(* Let $F:\mathbb{R}^n\rightrightarrows\mathbb{R}^p$ be a nearly convex set-valued mapping and $\Theta\subset\mathbb{R}^p$ a nearly convex set such that $\operatorname{ri}(\operatorname{rge} F)\cap\operatorname{ri}\Theta\neq\emptyset$. Define $F_0(x)=\operatorname{ri} F(x)$ for $x\in\mathbb{R}^n$. Then $$\operatorname{ri}\big(F^{-1}(\Theta)\big)=\operatorname{ri}(\operatorname{dom} F)\cap F_0^{-1}(\operatorname{ri}\Theta),$$ i.e. $\operatorname{ri}(F^{-1}(\Theta))=\{x\in\operatorname{ri}(\operatorname{dom} F):\operatorname{ri}F(x)\cap\operatorname{ri}\Theta\neq\emptyset\}$.
   Context: A set $\Omega\subset\mathbb{R}^k$ is nearly convex if there is a convex set $C$ with $C\subset\Omega\subset\overline{C}$. For an arbitrary set $\Omega$, $\operatorname{ri}\Omega=\{a\in\Omega:\exists\delta>0,\ B(a;\delta)\cap\operatorname{aff}\Omega\subset\Omega\}$. For $F:\mathbb{R}^n\rightrightarrows\mathbb{R}^p$: $\operatorname{dom} F=\{x:F(x)\neq\emptyset\}$, $\operatorname{rge} F=\bigcup_x F(x)$, $\operatorname{gph} F=\{(x,y):y\in F(x)\}$; $F$ is nearly convex if $\operatorname{gph} F$ is nearly convex. For $\Theta\subset\mathbb{R}^p$, $F^{-1}(\Theta)=\{x\in\mathbb{R}^n:F(x)\cap\Theta\neq\emptyset\}$. *)

theory Defs
  imports "HOL-Analysis.Analysis"
begin

definition nearly_convex :: "'a::real_normed_vector set \<Rightarrow> bool" where
  "nearly_convex \<Omega> \<longleftrightarrow> (\<exists>C. convex C \<and> C \<subseteq> \<Omega> \<and> \<Omega> \<subseteq> closure C)"

definition sv_dom :: "('a \<Rightarrow> 'b set) \<Rightarrow> 'a set" where
  "sv_dom F = {x. F x \<noteq> {}}"

definition sv_rge :: "('a \<Rightarrow> 'b set) \<Rightarrow> 'b set" where
  "sv_rge F = (\<Union>x. F x)"

definition sv_gph :: "('a \<Rightarrow> 'b set) \<Rightarrow> ('a \<times> 'b) set" where
  "sv_gph F = {(x, y). y \<in> F x}"

definition nearly_convex_map :: "('a::real_normed_vector \<Rightarrow> 'b::real_normed_vector set) \<Rightarrow> bool" where
  "nearly_convex_map F \<longleftrightarrow> nearly_convex (sv_gph F)"

definition sv_preimage :: "('a \<Rightarrow> 'b set) \<Rightarrow> 'b set \<Rightarrow> 'a set" where
  "sv_preimage F \<Theta> = {x. F x \<inter> \<Theta> \<noteq> {}}"

end

theory Submission
  imports Defs
begin

text \<open>
  A nearly convex set S lies between the convex set ri S and its closure, and a convex set has the
  same relative interior as its closure; hence the relative-interior rules for convex sets
  (linear images, intersections, products, fibres over a projection) carry over to nearly convex
  sets. The preimage of \<Theta> under F is the first projection of gph F \<inter> (UNIV \<times> \<Theta>); the
  qualification condition says exactly that the relative interiors of these two nearly convex
  sets meet, and the fibre of gph F over x is F x.
\<close>

lemma rel_interior_eq_between_closure:
  fixes C S :: "'a::euclidean_space set"
  assumes "convex C" "C \<subseteq> S" "S \<subseteq> closure C"
  shows "rel_interior S = rel_interior C"
proof -
  have "affine hull C \<subseteq> affine hull S" using assms(2) by (rule hull_mono)
  moreover have "affine hull S \<subseteq> affine hull (closure C)" using assms(3) by (rule hull_mono)
  ultimately have hull_eq: "affine hull S = affine hull C" by simp
  have "rel_interior C \<subseteq> rel_interior S"
    using subset_rel_interior[OF assms(2)] hull_eq by simp
  moreover have "rel_interior S \<subseteq> rel_interior (closure C)"
    using subset_rel_interior[OF assms(3)] hull_eq by simp
  ultimately show ?thesis using convex_rel_interior_closure[OF assms(1)] by blast
qed

lemma convex_imp_nearly_convex: "convex S \<Longrightarrow> nearly_convex S"
  unfolding nearly_convex_def using closure_subset by blast

lemma nearly_convex_rel_interior:
  fixes S :: "'a::euclidean_space set"
  assumes "nearly_convex S"
  shows "convex (rel_interior S)" "S \<subseteq> closure (rel_interior S)"
    "rel_interior (rel_interior S) = rel_interior S"
proof -
  obtain C where C: "convex C" "C \<subseteq> S" "S \<subseteq> closure C"
    using assms unfolding nearly_convex_def by blast
  have ri_S: "rel_interior S = rel_interior C"
    using rel_interior_eq_between_closure[OF C] .
  show "convex (rel_interior S)" using ri_S convex_rel_interior[OF C(1)] by simp
  show "S \<subseteq> closure (rel_interior S)" using ri_S C(3) convex_closure_rel_interior[OF C(1)] by simp
  show "rel_interior (rel_interior S) = rel_interior S"
    using ri_S rel_interior_rel_interior[OF C(1)] by simp
qed

lemma nearly_convex_iff_rel_interior:
  fixes S :: "'a::euclidean_space set"
  shows "nearly_convex S \<longleftrightarrow> convex (rel_interior S) \<and> S \<subseteq> closure (rel_interior S)"
proof
  assume "nearly_convex S"
  then show "convex (rel_interior S) \<and> S \<subseteq> closure (rel_interior S)"
    using nearly_convex_rel_interior by blast
next
  assume "convex (rel_interior S) \<and> S \<subseteq> closure (rel_interior S)"
  then show "nearly_convex S"
    unfolding nearly_convex_def using rel_interior_subset by (intro exI[of _ "rel_interior S"]) blast
qed

lemma rel_interior_linear_image_nearly_convex:
  fixes f :: "'a::euclidean_space \<Rightarrow> 'b::euclidean_space"
  assumes "linear f" "nearly_convex S"
  shows "rel_interior (f ` S) = f ` rel_interior S"
proof -
  note ri = nearly_convex_rel_interior[OF assms(2)]
  have "f ` S \<subseteq> f ` closure (rel_interior S)" using ri(2) by blast
  also have "\<dots> \<subseteq> closure (f ` rel_interior S)" by (rule closure_linear_image_subset[OF assms(1)])
  finally have "rel_interior (f ` S) = rel_interior (f ` rel_interior S)"
    by (intro rel_interior_eq_between_closure convex_linear_image[OF assms(1) ri(1)]
        image_mono rel_interior_subset)
  also have "\<dots> = f ` rel_interior S"
    using rel_interior_convex_linear_image[OF assms(1) ri(1)] ri(3) by simp
  finally show ?thesis .
qed

lemma nearly_convex_Int:
  fixes S T :: "'a::euclidean_space set"
  assumes "nearly_convex S" "nearly_convex T" "rel_interior S \<inter> rel_interior T \<noteq> {}"
  shows "nearly_convex (S \<inter> T)" "rel_interior (S \<inter> T) = rel_interior S \<inter> rel_interior T"
proof -
  note riS = nearly_convex_rel_interior[OF assms(1)]
  note riT = nearly_convex_rel_interior[OF assms(2)]
  have convex_Int: "convex (rel_interior S \<inter> rel_interior T)" using riS(1) riT(1) by (rule convex_Int)
  have "closure (rel_interior S) \<inter> closure (rel_interior T)
          \<subseteq> closure (rel_interior S \<inter> rel_interior T)"
    using convex_closure_rel_interior_Int[of "{rel_interior S, rel_interior T}"]
      riS(1,3) riT(1,3) assms(3) by auto
  then have between: "rel_interior S \<inter> rel_interior T \<subseteq> S \<inter> T"
      "S \<inter> T \<subseteq> closure (rel_interior S \<inter> rel_interior T)"
    using riS(2) riT(2) rel_interior_subset by blast+
  have "rel_interior (S \<inter> T) = rel_interior (rel_interior S \<inter> rel_interior T)"
    using rel_interior_eq_between_closure[OF convex_Int between] .
  also have "\<dots> = rel_interior S \<inter> rel_interior T"
    using convex_rel_interior_inter_two[OF riS(1) riT(1)] riS(3) riT(3) assms(3) by simp
  finally show ri_Int: "rel_interior (S \<inter> T) = rel_interior S \<inter> rel_interior T" .
  show "nearly_convex (S \<inter> T)"
    unfolding nearly_convex_iff_rel_interior ri_Int using convex_Int between(2) by blast
qed

lemma nearly_convex_Times:
  fixes S :: "'a::euclidean_space set" and T :: "'b::euclidean_space set"
  assumes "nearly_convex S" "nearly_convex T"
  shows "nearly_convex (S \<times> T)" "rel_interior (S \<times> T) = rel_interior S \<times> rel_interior T"
proof -
  note riS = nearly_convex_rel_interior[OF assms(1)]
  note riT = nearly_convex_rel_interior[OF assms(2)]
  have convex_Times: "convex (rel_interior S \<times> rel_interior T)"
    using riS(1) riT(1) by (rule convex_Times)
  have between: "rel_interior S \<times> rel_interior T \<subseteq> S \<times> T"
      "S \<times> T \<subseteq> closure (rel_interior S \<times> rel_interior T)"
    using riS(2) riT(2) by (auto simp: closure_Times intro: rel_interior_subset[THEN subsetD])
  have "rel_interior (S \<times> T) = rel_interior (rel_interior S \<times> rel_interior T)"
    using rel_interior_eq_between_closure[OF convex_Times between] .
  also have "\<dots> = rel_interior S \<times> rel_interior T"
    using rel_interior_Times[OF riS(1) riT(1)] riS(3) riT(3) by simp
  finally show ri_Times: "rel_interior (S \<times> T) = rel_interior S \<times> rel_interior T" .
  show "nearly_convex (S \<times> T)"
    unfolding nearly_convex_iff_rel_interior ri_Times using convex_Times between(2) by blast
qed

lemma convex_fibre:
  fixes S :: "('a::real_vector \<times> 'b::real_vector) set"
  assumes "convex S"
  shows "convex {y. (x, y) \<in> S}"
  unfolding convex_def
proof clarify
  fix a b :: 'b and u v :: real
  assume "(x, a) \<in> S" "(x, b) \<in> S" "0 \<le> u" "0 \<le> v" "u + v = 1"
  then have "u *\<^sub>R (x, a) + v *\<^sub>R (x, b) \<in> S" using assms unfolding convex_def by blast
  moreover have "u *\<^sub>R (x, a) + v *\<^sub>R (x, b) = (x, u *\<^sub>R a + v *\<^sub>R b)"
    using \<open>u + v = 1\<close> by (simp add: scaleR_left_distrib[symmetric])
  ultimately show "(x, u *\<^sub>R a + v *\<^sub>R b) \<in> S" by simp
qed

lemma rel_interior_fibre_projection:
  fixes S :: "('a::euclidean_space \<times> 'b::euclidean_space) set"
  assumes "convex S"
  shows "(x, y) \<in> rel_interior S
           \<longleftrightarrow> x \<in> fst ` rel_interior S \<and> y \<in> rel_interior {y. (x, y) \<in> S}"
proof -
  have "{x. {y. (x, y) \<in> S} \<noteq> {}} = fst ` S" by force
  then show ?thesis
    using rel_interior_projection[OF assms refl, of x y]
      rel_interior_convex_linear_image[OF linear_fst assms]
    by simp
qed

lemma rel_interior_fibre_between_closure:
  fixes C S :: "('a::euclidean_space \<times> 'b::euclidean_space) set"
  assumes "convex C" "C \<subseteq> S" "S \<subseteq> closure C" "x \<in> fst ` rel_interior C"
  shows "rel_interior {y. (x, y) \<in> S} = rel_interior {y. (x, y) \<in> C}"
proof (rule rel_interior_eq_between_closure)
  have convex_closure_C: "convex (closure C)" using assms(1) by (rule convex_closure)
  have ri_closure: "rel_interior (closure C) = rel_interior C"
    using assms(1) by (rule convex_rel_interior_closure)
  show convex_fibre_C: "convex {y. (x, y) \<in> C}" using assms(1) by (rule convex_fibre)
  show "{y. (x, y) \<in> C} \<subseteq> {y. (x, y) \<in> S}" using assms(2) by blast
  have ri_fibres: "rel_interior {y. (x, y) \<in> closure C} = rel_interior {y. (x, y) \<in> C}"
    using rel_interior_fibre_projection[OF assms(1), of x]
      rel_interior_fibre_projection[OF convex_closure_C, of x] ri_closure assms(4)
    by (intro set_eqI) simp
  have "{y. (x, y) \<in> S} \<subseteq> {y. (x, y) \<in> closure C}" using assms(3) by blast
  also have "\<dots> \<subseteq> closure (rel_interior {y. (x, y) \<in> closure C})"
    unfolding convex_closure_rel_interior[OF convex_fibre[OF convex_closure_C]] by (rule closure_subset)
  also have "\<dots> = closure {y. (x, y) \<in> C}"
    unfolding ri_fibres by (rule convex_closure_rel_interior[OF convex_fibre_C])
  finally show "{y. (x, y) \<in> S} \<subseteq> closure {y. (x, y) \<in> C}" .
qed

lemma rel_interior_projection_nearly_convex:
  fixes S :: "('a::euclidean_space \<times> 'b::euclidean_space) set"
  assumes "nearly_convex S"
  shows "(x, y) \<in> rel_interior S
           \<longleftrightarrow> x \<in> rel_interior (fst ` S) \<and> y \<in> rel_interior {y. (x, y) \<in> S}"
proof -
  note ri = nearly_convex_rel_interior[OF assms]
  have fibre: "rel_interior {y. (x, y) \<in> S} = rel_interior {y. (x, y) \<in> rel_interior S}"
    if "x \<in> fst ` rel_interior S"
    using rel_interior_fibre_between_closure[OF ri(1) rel_interior_subset ri(2)] that
    unfolding ri(3) .
  have "(x, y) \<in> rel_interior S \<longleftrightarrow>
      x \<in> fst ` rel_interior S \<and> y \<in> rel_interior {y. (x, y) \<in> rel_interior S}"
    using rel_interior_fibre_projection[OF ri(1), of x y] unfolding ri(3) .
  also have "\<dots> \<longleftrightarrow> x \<in> fst ` rel_interior S \<and> y \<in> rel_interior {y. (x, y) \<in> S}"
    using fibre by blast
  finally show ?thesis
    unfolding rel_interior_linear_image_nearly_convex[OF linear_fst assms] .
qed

theorem theorem3p3:
  fixes F :: "'a::euclidean_space \<Rightarrow> 'b::euclidean_space set" and \<Theta> :: "'b set"
  assumes "nearly_convex_map F"
    and "nearly_convex \<Theta>"
    and "rel_interior (sv_rge F) \<inter> rel_interior \<Theta> \<noteq> {}"
  shows "rel_interior (sv_preimage F \<Theta>)
           = rel_interior (sv_dom F) \<inter> sv_preimage (\<lambda>x. rel_interior (F x)) (rel_interior \<Theta>)"
proof -
  let ?G = "sv_gph F" and ?H = "(UNIV :: 'a set) \<times> \<Theta>"
  have G: "nearly_convex ?G" using assms(1) unfolding nearly_convex_map_def .
  note H = nearly_convex_Times[OF convex_imp_nearly_convex[OF convex_UNIV] assms(2),
      unfolded rel_interior_UNIV]
  have rge: "sv_rge F = snd ` ?G" and dom: "sv_dom F = fst ` ?G"
    and preimage: "sv_preimage F \<Theta> = fst ` (?G \<inter> ?H)"
    unfolding sv_rge_def sv_dom_def sv_preimage_def sv_gph_def by force+
  have fibre: "{y. (x, y) \<in> ?G} = F x" for x unfolding sv_gph_def by simp
  have "rel_interior (sv_rge F) = snd ` rel_interior ?G"
    unfolding rge by (rule rel_interior_linear_image_nearly_convex[OF linear_snd G])
  then have "rel_interior ?G \<inter> rel_interior ?H \<noteq> {}" using assms(3) H(2) by force
  note GH = nearly_convex_Int[OF G H(1) this]
  have "rel_interior (sv_preimage F \<Theta>) = fst ` (rel_interior ?G \<inter> UNIV \<times> rel_interior \<Theta>)"
    unfolding preimage rel_interior_linear_image_nearly_convex[OF linear_fst GH(1)] GH(2) H(2) ..
  also have "\<dots> = rel_interior (sv_dom F) \<inter> sv_preimage (\<lambda>x. rel_interior (F x)) (rel_interior \<Theta>)"
  proof (rule set_eqI)
    fix x
    show "x \<in> fst ` (rel_interior ?G \<inter> UNIV \<times> rel_interior \<Theta>) \<longleftrightarrow>
        x \<in> rel_interior (sv_dom F) \<inter> sv_preimage (\<lambda>x. rel_interior (F x)) (rel_interior \<Theta>)"
      using rel_interior_projection_nearly_convex[OF G, of x] unfolding dom fibre sv_preimage_def
      by force
  qed
  finally show ?thesis .
qed

end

▶ [Requirement]
If a line in the material holds "mathbb", copy it.

▶ [Written reply]
(* Let $F:\mathbb{R}^n\rightrightarrows\mathbb{R}^p$ be a nearly convex set-valued mapping and $\Theta\subset\mathbb{R}^p$ a nearly convex set such that $\operatorname{ri}(\operatorname{rge} F)\cap\operatorname{ri}\Theta\neq\emptyset$. Define $F_0(x)=\operatorname{ri} F(x)$ for $x\in\mathbb{R}^n$. Then $$\operatorname{ri}\big(F^{-1}(\Theta)\big)=\operatorname{ri}(\operatorname{dom} F)\cap F_0^{-1}(\operatorname{ri}\Theta),$$ i.e. $\operatorname{ri}(F^{-1}(\Theta))=\{x\in\operatorname{ri}(\operatorname{dom} F):\operatorname{ri}F(x)\cap\operatorname{ri}\Theta\neq\emptyset\}$.
   Context: A set $\Omega\subset\mathbb{R}^k$ is nearly convex if there is a convex set $C$ with $C\subset\Omega\subset\overline{C}$. For an arbitrary set $\Omega$, $\operatorname{ri}\Omega=\{a\in\Omega:\exists\delta>0,\ B(a;\delta)\cap\operatorname{aff}\Omega\subset\Omega\}$. For $F:\mathbb{R}^n\rightrightarrows\mathbb{R}^p$: $\operatorname{dom} F=\{x:F(x)\neq\emptyset\}$, $\operatorname{rge} F=\bigcup_x F(x)$, $\operatorname{gph} F=\{(x,y):y\in F(x)\}$; $F$ is nearly convex if $\operatorname{gph} F$ is nearly convex. For $\Theta\subset\mathbb{R}^p$, $F^{-1}(\Theta)=\{x\in\mathbb{R}^n:F(x)\cap\Theta\neq\emptyset\}$. *)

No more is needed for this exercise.